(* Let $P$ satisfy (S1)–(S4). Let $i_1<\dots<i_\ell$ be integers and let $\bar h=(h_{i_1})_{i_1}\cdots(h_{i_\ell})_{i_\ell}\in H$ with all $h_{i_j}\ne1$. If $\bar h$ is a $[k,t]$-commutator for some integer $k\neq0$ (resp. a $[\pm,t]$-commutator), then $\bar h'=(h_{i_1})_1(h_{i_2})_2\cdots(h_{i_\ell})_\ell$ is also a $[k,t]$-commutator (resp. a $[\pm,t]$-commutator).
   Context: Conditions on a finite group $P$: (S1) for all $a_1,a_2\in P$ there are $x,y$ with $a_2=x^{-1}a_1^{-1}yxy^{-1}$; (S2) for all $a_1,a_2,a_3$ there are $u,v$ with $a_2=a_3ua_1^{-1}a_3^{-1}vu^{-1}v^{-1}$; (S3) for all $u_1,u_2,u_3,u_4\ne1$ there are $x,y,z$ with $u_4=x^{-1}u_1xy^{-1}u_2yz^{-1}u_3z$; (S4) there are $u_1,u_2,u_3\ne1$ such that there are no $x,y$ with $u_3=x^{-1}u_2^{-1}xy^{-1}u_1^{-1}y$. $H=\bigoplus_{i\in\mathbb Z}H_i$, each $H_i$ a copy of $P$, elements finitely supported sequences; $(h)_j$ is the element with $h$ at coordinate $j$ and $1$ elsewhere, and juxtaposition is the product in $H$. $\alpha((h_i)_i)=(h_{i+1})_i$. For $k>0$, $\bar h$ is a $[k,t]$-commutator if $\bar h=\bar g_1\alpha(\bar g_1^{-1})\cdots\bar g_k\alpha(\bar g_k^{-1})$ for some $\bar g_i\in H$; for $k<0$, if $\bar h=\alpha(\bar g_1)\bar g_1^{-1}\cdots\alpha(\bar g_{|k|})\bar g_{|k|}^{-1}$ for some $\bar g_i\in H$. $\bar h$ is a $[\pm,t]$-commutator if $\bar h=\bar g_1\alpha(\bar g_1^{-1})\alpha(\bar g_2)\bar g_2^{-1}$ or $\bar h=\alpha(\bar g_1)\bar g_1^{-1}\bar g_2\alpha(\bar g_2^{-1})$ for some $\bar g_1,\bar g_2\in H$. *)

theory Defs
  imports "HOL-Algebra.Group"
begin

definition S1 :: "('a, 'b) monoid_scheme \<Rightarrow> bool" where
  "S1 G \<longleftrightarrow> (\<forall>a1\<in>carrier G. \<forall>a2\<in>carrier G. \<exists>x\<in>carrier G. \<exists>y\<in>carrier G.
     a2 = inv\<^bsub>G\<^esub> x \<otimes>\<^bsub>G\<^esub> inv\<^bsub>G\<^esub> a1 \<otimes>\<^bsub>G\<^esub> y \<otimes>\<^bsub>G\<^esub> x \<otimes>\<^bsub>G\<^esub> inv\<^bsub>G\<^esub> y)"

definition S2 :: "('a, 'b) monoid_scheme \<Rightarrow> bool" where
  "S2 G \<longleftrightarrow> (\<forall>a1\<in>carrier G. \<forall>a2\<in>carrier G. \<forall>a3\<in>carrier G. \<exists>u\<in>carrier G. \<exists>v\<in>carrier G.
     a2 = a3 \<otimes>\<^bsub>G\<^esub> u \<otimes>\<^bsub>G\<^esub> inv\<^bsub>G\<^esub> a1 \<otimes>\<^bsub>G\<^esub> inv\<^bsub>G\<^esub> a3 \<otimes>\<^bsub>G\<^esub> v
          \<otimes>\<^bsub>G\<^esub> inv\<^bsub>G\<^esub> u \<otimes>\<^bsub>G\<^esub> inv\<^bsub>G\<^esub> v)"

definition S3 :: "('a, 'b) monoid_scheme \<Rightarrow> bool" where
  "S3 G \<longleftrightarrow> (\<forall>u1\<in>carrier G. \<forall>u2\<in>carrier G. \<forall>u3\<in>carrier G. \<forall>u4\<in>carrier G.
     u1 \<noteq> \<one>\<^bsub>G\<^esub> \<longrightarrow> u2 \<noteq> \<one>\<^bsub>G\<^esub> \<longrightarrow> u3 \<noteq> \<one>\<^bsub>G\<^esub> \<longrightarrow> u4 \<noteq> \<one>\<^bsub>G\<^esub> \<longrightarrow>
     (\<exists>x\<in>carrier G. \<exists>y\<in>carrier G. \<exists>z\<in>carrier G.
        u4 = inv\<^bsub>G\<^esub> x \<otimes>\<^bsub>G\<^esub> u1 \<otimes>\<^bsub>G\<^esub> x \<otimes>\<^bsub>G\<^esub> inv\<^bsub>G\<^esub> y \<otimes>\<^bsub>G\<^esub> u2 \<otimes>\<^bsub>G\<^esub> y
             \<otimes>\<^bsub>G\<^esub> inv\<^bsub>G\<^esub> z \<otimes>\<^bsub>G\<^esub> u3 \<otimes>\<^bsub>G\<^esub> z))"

Task prompt:
The whole listing above should be copied out exactly, line by line.

Worked solution:
(* Let $P$ satisfy (S1)–(S4). Let $i_1<\dots<i_\ell$ be integers and let $\bar h=(h_{i_1})_{i_1}\cdots(h_{i_\ell})_{i_\ell}\in H$ with all $h_{i_j}\ne1$. If $\bar h$ is a $[k,t]$-commutator for some integer $k\neq0$ (resp. a $[\pm,t]$-commutator), then $\bar h'=(h_{i_1})_1(h_{i_2})_2\cdots(h_{i_\ell})_\ell$ is also a $[k,t]$-commutator (resp. a $[\pm,t]$-commutator).
   Context: Conditions on a finite group $P$: (S1) for all $a_1,a_2\in P$ there are $x,y$ with $a_2=x^{-1}a_1^{-1}yxy^{-1}$; (S2) for all $a_1,a_2,a_3$ there are $u,v$ with $a_2=a_3ua_1^{-1}a_3^{-1}vu^{-1}v^{-1}$; (S3) for all $u_1,u_2,u_3,u_4\ne1$ there are $x,y,z$ with $u_4=x^{-1}u_1xy^{-1}u_2yz^{-1}u_3z$; (S4) there are $u_1,u_2,u_3\ne1$ such that there are no $x,y$ with $u_3=x^{-1}u_2^{-1}xy^{-1}u_1^{-1}y$. $H=\bigoplus_{i\in\mathbb Z}H_i$, each $H_i$ a copy of $P$, elements finitely supported sequences; $(h)_j$ is the element with $h$ at coordinate $j$ and $1$ elsewhere, and juxtaposition is the product in $H$. $\alpha((h_i)_i)=(h_{i+1})_i$. For $k>0$, $\bar h$ is a $[k,t]$-commutator if $\bar h=\bar g_1\alpha(\bar g_1^{-1})\cdots\bar g_k\alpha(\bar g_k^{-1})$ for some $\bar g_i\in H$; for $k<0$, if $\bar h=\alpha(\bar g_1)\bar g_1^{-1}\cdots\alpha(\bar g_{|k|})\bar g_{|k|}^{-1}$ for some $\bar g_i\in H$. $\bar h$ is a $[\pm,t]$-commutator if $\bar h=\bar g_1\alpha(\bar g_1^{-1})\alpha(\bar g_2)\bar g_2^{-1}$ or $\bar h=\alpha(\bar g_1)\bar g_1^{-1}\bar g_2\alpha(\bar g_2^{-1})$ for some $\bar g_1,\bar g_2\in H$. *)

theory Defs
  imports "HOL-Algebra.Group"
begin

definition S1 :: "('a, 'b) monoid_scheme \<Rightarrow> bool" where
  "S1 G \<longleftrightarrow> (\<forall>a1\<in>carrier G. \<forall>a2\<in>carrier G. \<exists>x\<in>carrier G. \<exists>y\<in>carrier G.
     a2 = inv\<^bsub>G\<^esub> x \<otimes>\<^bsub>G\<^esub> inv\<^bsub>G\<^esub> a1 \<otimes>\<^bsub>G\<^esub> y \<otimes>\<^bsub>G\<^esub> x \<otimes>\<^bsub>G\<^esub> inv\<^bsub>G\<^esub> y)"

definition S2 :: "('a, 'b) monoid_scheme \<Rightarrow> bool" where
  "S2 G \<longleftrightarrow> (\<forall>a1\<in>carrier G. \<forall>a2\<in>carrier G. \<forall>a3\<in>carrier G. \<exists>u\<in>carrier G. \<exists>v\<in>carrier G.
     a2 = a3 \<otimes>\<^bsub>G\<^esub> u \<otimes>\<^bsub>G\<^esub> inv\<^bsub>G\<^esub> a1 \<otimes>\<^bsub>G\<^esub> inv\<^bsub>G\<^esub> a3 \<otimes>\<^bsub>G\<^esub> v
          \<otimes>\<^bsub>G\<^esub> inv\<^bsub>G\<^esub> u \<otimes>\<^bsub>G\<^esub> inv\<^bsub>G\<^esub> v)"

definition S3 :: "('a, 'b) monoid_scheme \<Rightarrow> bool" where
  "S3 G \<longleftrightarrow> (\<forall>u1\<in>carrier G. \<forall>u2\<in>carrier G. \<forall>u3\<in>carrier G. \<forall>u4\<in>carrier G.
     u1 \<noteq> \<one>\<^bsub>G\<^esub> \<longrightarrow> u2 \<noteq> \<one>\<^bsub>G\<^esub> \<longrightarrow> u3 \<noteq> \<one>\<^bsub>G\<^esub> \<longrightarrow> u4 \<noteq> \<one>\<^bsub>G\<^esub> \<longrightarrow>
     (\<exists>x\<in>carrier G. \<exists>y\<in>carrier G. \<exists>z\<in>carrier G.
        u4 = inv\<^bsub>G\<^esub> x \<otimes>\<^bsub>G\<^esub> u1 \<otimes>\<^bsub>G\<^esub> x \<otimes>\<^bsub>G\<^esub> inv\<^bsub>G\<^esub> y \<otimes>\<^bsub>G\<^esub> u2 \<otimes>\<^bsub>G\<^esub> y
             \<otimes>\<^bsub>G\<^esub> inv\<^bsub>G\<^esub> z \<otimes>\<^bsub>G\<^esub> u3 \<otimes>\<^bsub>G\<^esub> z))"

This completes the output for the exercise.